In agreement with the Board, the Group Chief Executive, Iain Duffin, stepped
down last week and is not today offering himself for re-election to the Board.
The recent period has been difficult with disappointing results, which were
unacceptable to the Board. The Board agrees with Iain Duffin that now is the
right time to identify a new Chief Executive to take the Group forward. As you
will know from the Results Announcement on 25th March, the Board initiated a
process earlier in the year to find a Chief Operating Officer with the
capability to become Chief Executive. This process is well advanced and I have
begun to meet potential candidates, a number of whom clearly have the ability to
be Chief Executive. Those who may have read the advertisement, which has been
supported by a search process, will have noted the requirement for sales and
marketing capability, which is key to delivering the next phase of the strategic
direction. The exact timing of any appointment will depend on suitability and
release availability. The Board has agreed with Iain Duffin that he will provide
support in specific areas should this be required in the short term.
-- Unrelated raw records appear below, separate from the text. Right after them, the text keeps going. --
(* Let $d\geq 3$, $u>0$, and let $\mu$ have distribution $\mathrm{Pois}(u,W^* )$, with law $\mathbb P$. Let $G$ be the graph on $\mathrm{Supp}(\mu)$ defined below, with graph distance $\rho$. Let $E$ be the event that $\rho(v,w)\leq s_d-1$ for all $v,w\in\mathrm{Supp}(\mu)$. For $x,y\in\mathbb Z^d$, let $S(x,y)\subset W^*$ be the set of trajectories that visit both $x$ and $y$. Then for all $x,y\in\mathbb Z^d$, $$\mathbb P(\{x,y\in\mathcal I\}\cap E)\leq \sum_{n=0}^{s_d-1}\ \sum_{z_1,\ldots,z_n\in\mathbb Z^d}\ \prod_{i=0}^n\mathbb E\big[\mu(S(z_i,z_{i+1}))\big],$$ where $z_0=x$ and $z_{n+1}=y$. The $n=0$ term is $\mathbb E[\mu(S(x,y))]$.
   Context: $s_d=\lceil (d-2)/2\rceil$. $\mathbb Z^d$ carries the sup norm. $W$ is the space of doubly-infinite nearest-neighbour trajectories in $\mathbb Z^d$ tending to infinity at times $\pm\infty$, and $W^*$ is $W$ modulo time shift. The Green function is $g(x,y)=\sum_{t\ge0}P_x(X(t)=y)$ for simple random walk $X$. For finite $K$, $\mathrm{cap}(K)=\sum_{x\in K}P_x(X(t)\notin K\ \forall t\ge1)$, and $e_K(x)=P_x(X(t)\notin K\ \forall t\ge 1)I(x\in K)$. $\mathrm{Pois}(u,W^* )$ is the law of the Poisson point measure $\mu$ on $W^*$ (random interlacement point process at level $u$) such that, for each finite $A$: - the number $N_A$ of trajectories hitting $A$ is Poisson$(u\,\mathrm{cap}(A))$; - parametrizing these trajectories so that they are at time $0$ at their first entrance into $A$, the entrance points are i.i.d. with law $e_A/\mathrm{cap}(A)$; - the forward parts are independent simple random walks; - the backward parts are independent walks conditioned never to return to $A$. $\mathcal I=\bigcup_{w\in\mathrm{Supp}(\mu)}\mathrm{range}(w)$. $G$ is the graph whose vertices are the trajectories in $\mathrm{Supp}(\mu)$, with distinct trajectories adjacent iff their ranges intersect. *)

theory Defs
  imports "HOL-Probability.Probability"
begin

text \<open>Points of Z^d are vectors int^'d; the dimension is d = CARD('d).\<close>

type_synonym 'd pt = "int ^ 'd"

definition s_d :: "nat \<Rightarrow> nat" where
  "s_d d = nat \<lceil>(real d - 2) / 2\<rceil>"

definition unit_steps :: "'d::finite pt set" where
  "unit_steps = {axis i 1 | i. True} \<union> {axis i (-1) | i. True}"

definition paths :: "(nat \<Rightarrow> 'd::finite pt) measure" where
  "paths = (\<Pi>\<^sub>M t\<in>(UNIV::nat set). count_space UNIV)"

definition srw :: "'d::finite pt \<Rightarrow> (nat \<Rightarrow> 'd pt) measure" where
  "srw x = distr (\<Pi>\<^sub>M t\<in>(UNIV::nat set). measure_pmf (pmf_of_set unit_steps)) paths
                 (\<lambda>\<xi> t. x + (\<Sum>s<t. \<xi> s))"

definition eqm :: "'d::finite pt set \<Rightarrow> 'd pt \<Rightarrow> real" where
  "eqm K x = (if x \<in> K then measure (srw x) {X \<in> space paths. \<forall>t\<ge>1. X t \<notin> K} else 0)"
During the interregnum I will act as Executive Chairman, supported by the
Corporate Team of Graham Casey, Andrew Cotton and John Love. As Bob Speirs, the
senior independent director, is presently recuperating following an operation,
Archie Hunter will act as Senior Independent Director.




SIXTH


Property and dividend. As you will know the group is reducing from over 45
locations to 15. This is a major management task, which involves giving up
leases and selling sites, both of which bring challenges. For the sites being
sold, they break into three categories


  • straight sale with no change of use

  • sale with simple change of use

  • complex planning consents




Categories one and two are progressing well and broadly to plan. Category three,
which by its nature brings the greatest gain, is a much longer and more complex
process, sometimes with local political as well as planning implications. One of
the most significant for us is at Braehead, where the Scottish Executive are
involved in the determination of the roads solution which involves several other
consents as well as our own application. The executive team has continued to
work through this process over the last nine months, which has caused
month-by-month delays in finalising the transaction. Currently we await a final
traffic resolution from the Scottish Executive for the development of the whole
area, before any transaction can be finalised.
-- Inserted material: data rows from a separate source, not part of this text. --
(* (a) Let $X\subseteq\mathbb{R}$ be r.e. open. Every continuous and effectively open $f:X\to\mathbb{R}$ is computable. (b) Let $X\subseteq\mathbb{R}^n$ be r.e. open and $f=(f_1,\dots,f_m):X\to\mathbb{R}^m$ continuous and effectively open but not computable. Then some component $f_i:X\to\mathbb{R}$ is continuous and effectively open but not computable.
   Context: Type-2 computability (Weihrauch) with Cauchy representation for real vectors; $\theta^d_<$ represents open subsets of $\mathbb{R}^d$ by lists of rational centers and radii of open balls with union the set; $X$ r.e. open means it has a computable $\theta^n_<$-name. An open $f$ on $X$ is effectively open if $U\mapsto f[U]$ on open $U\subseteq X$ is $(\theta^n_<\to\theta^m_<)$-computable. *)

theory Defs
  imports Complex_Main "HOL-Library.Nat_Bijection"
begin

datatype recf = Zf | Sf | Pf nat | Cnf recf "recf list" | Prf recf recf | Mnf recf | Orc

definition arg :: "nat list \<Rightarrow> nat \<Rightarrow> nat" where
  "arg xs i = (if i < length xs then xs ! i else 0)"

inductive oeval :: "(nat \<Rightarrow> nat) \<Rightarrow> recf \<Rightarrow> nat list \<Rightarrow> nat \<Rightarrow> bool" for orc where
  zero: "oeval orc Zf xs 0"
| succ: "oeval orc Sf xs (Suc (arg xs 0))"
| proj: "oeval orc (Pf i) xs (arg xs i)"
| orac: "oeval orc Orc xs (orc (arg xs 0))"
| comp: "length ys = length gs \<Longrightarrow> (\<forall>i<length gs. oeval orc (gs ! i) xs (ys ! i))
          \<Longrightarrow> oeval orc f ys z \<Longrightarrow> oeval orc (Cnf f gs) xs z"
| prim0: "oeval orc f ys y \<Longrightarrow> oeval orc (Prf f g) (0 # ys) y"
| primS: "oeval orc (Prf f g) (n # ys) y \<Longrightarrow> oeval orc g (n # y # ys) z
          \<Longrightarrow> oeval orc (Prf f g) (Suc n # ys) z"
| mu: "oeval orc f (n # xs) 0 \<Longrightarrow> (\<forall>k<n. \<exists>y. 0 < y \<and> oeval orc f (k # xs) y)
          \<Longrightarrow> oeval orc (Mnf f) xs n"

definition computable_seq :: "(nat \<Rightarrow> nat) \<Rightarrow> bool" where
  "computable_seq p \<longleftrightarrow> (\<exists>e. \<forall>n. oeval (\<lambda>_. 0) e [n] (p n))"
As we have stated before, it has been the Board's objective to use the profits
from property disposals to support both earnings and dividends in the period of
reorganisation. The longer and more difficult process of change within the
business, coupled with delays in certain property disposals, means that we will
have to consider very carefully the appropriate level of dividends for 2003 in
the light of the progress we make on improving trading and disposing of
properties.




OUTLOOK


Our outlook will be determined by three factors. The first is the UK and global
economic environment, which has an effect across all our businesses. This is
currently unclear and will probably remain weak during the remainder of 2003.
This weakness is reflected across all our businesses.


The second will be the completion of the integration of the distribution
businesses during 2003, and the subsequent success in achieving sales and
financial recovery. Subject to the economic situation, we expect that the
Regional Teams will rebuild the business through the second half of 2003, with
the first manufacturing centre of excellence established and all Distribution
Locations in place by the end of the year. The second manufacturing centre of
excellence will be complete in the first half of 2004.


The third will be the resolution of the continuing losses in the UK part of
Brands, and the securing of international contracts for the use of the Viper
Software owned by Brands. At this time there are several potential expressions
of interest and a pilot programme underway for a major customer in the Americas.
This situation will resolve over the next few months.


The board believe the correct course for the group is to complete the current
investment programme as quickly as possible, and to focus our efforts on
satisfying our customers and growing the top-line revenues. The new CEO is
profiled to have sales and marketing capability, and will have the absolute
objective to support the Regional and Managing directors and their teams in
achieving this objective. Again, I would like to repeat my thanks to our staff
for their commitment through a difficult year and for their enthusiasm to tackle
the problems and deliver their budgets and strategic objectives.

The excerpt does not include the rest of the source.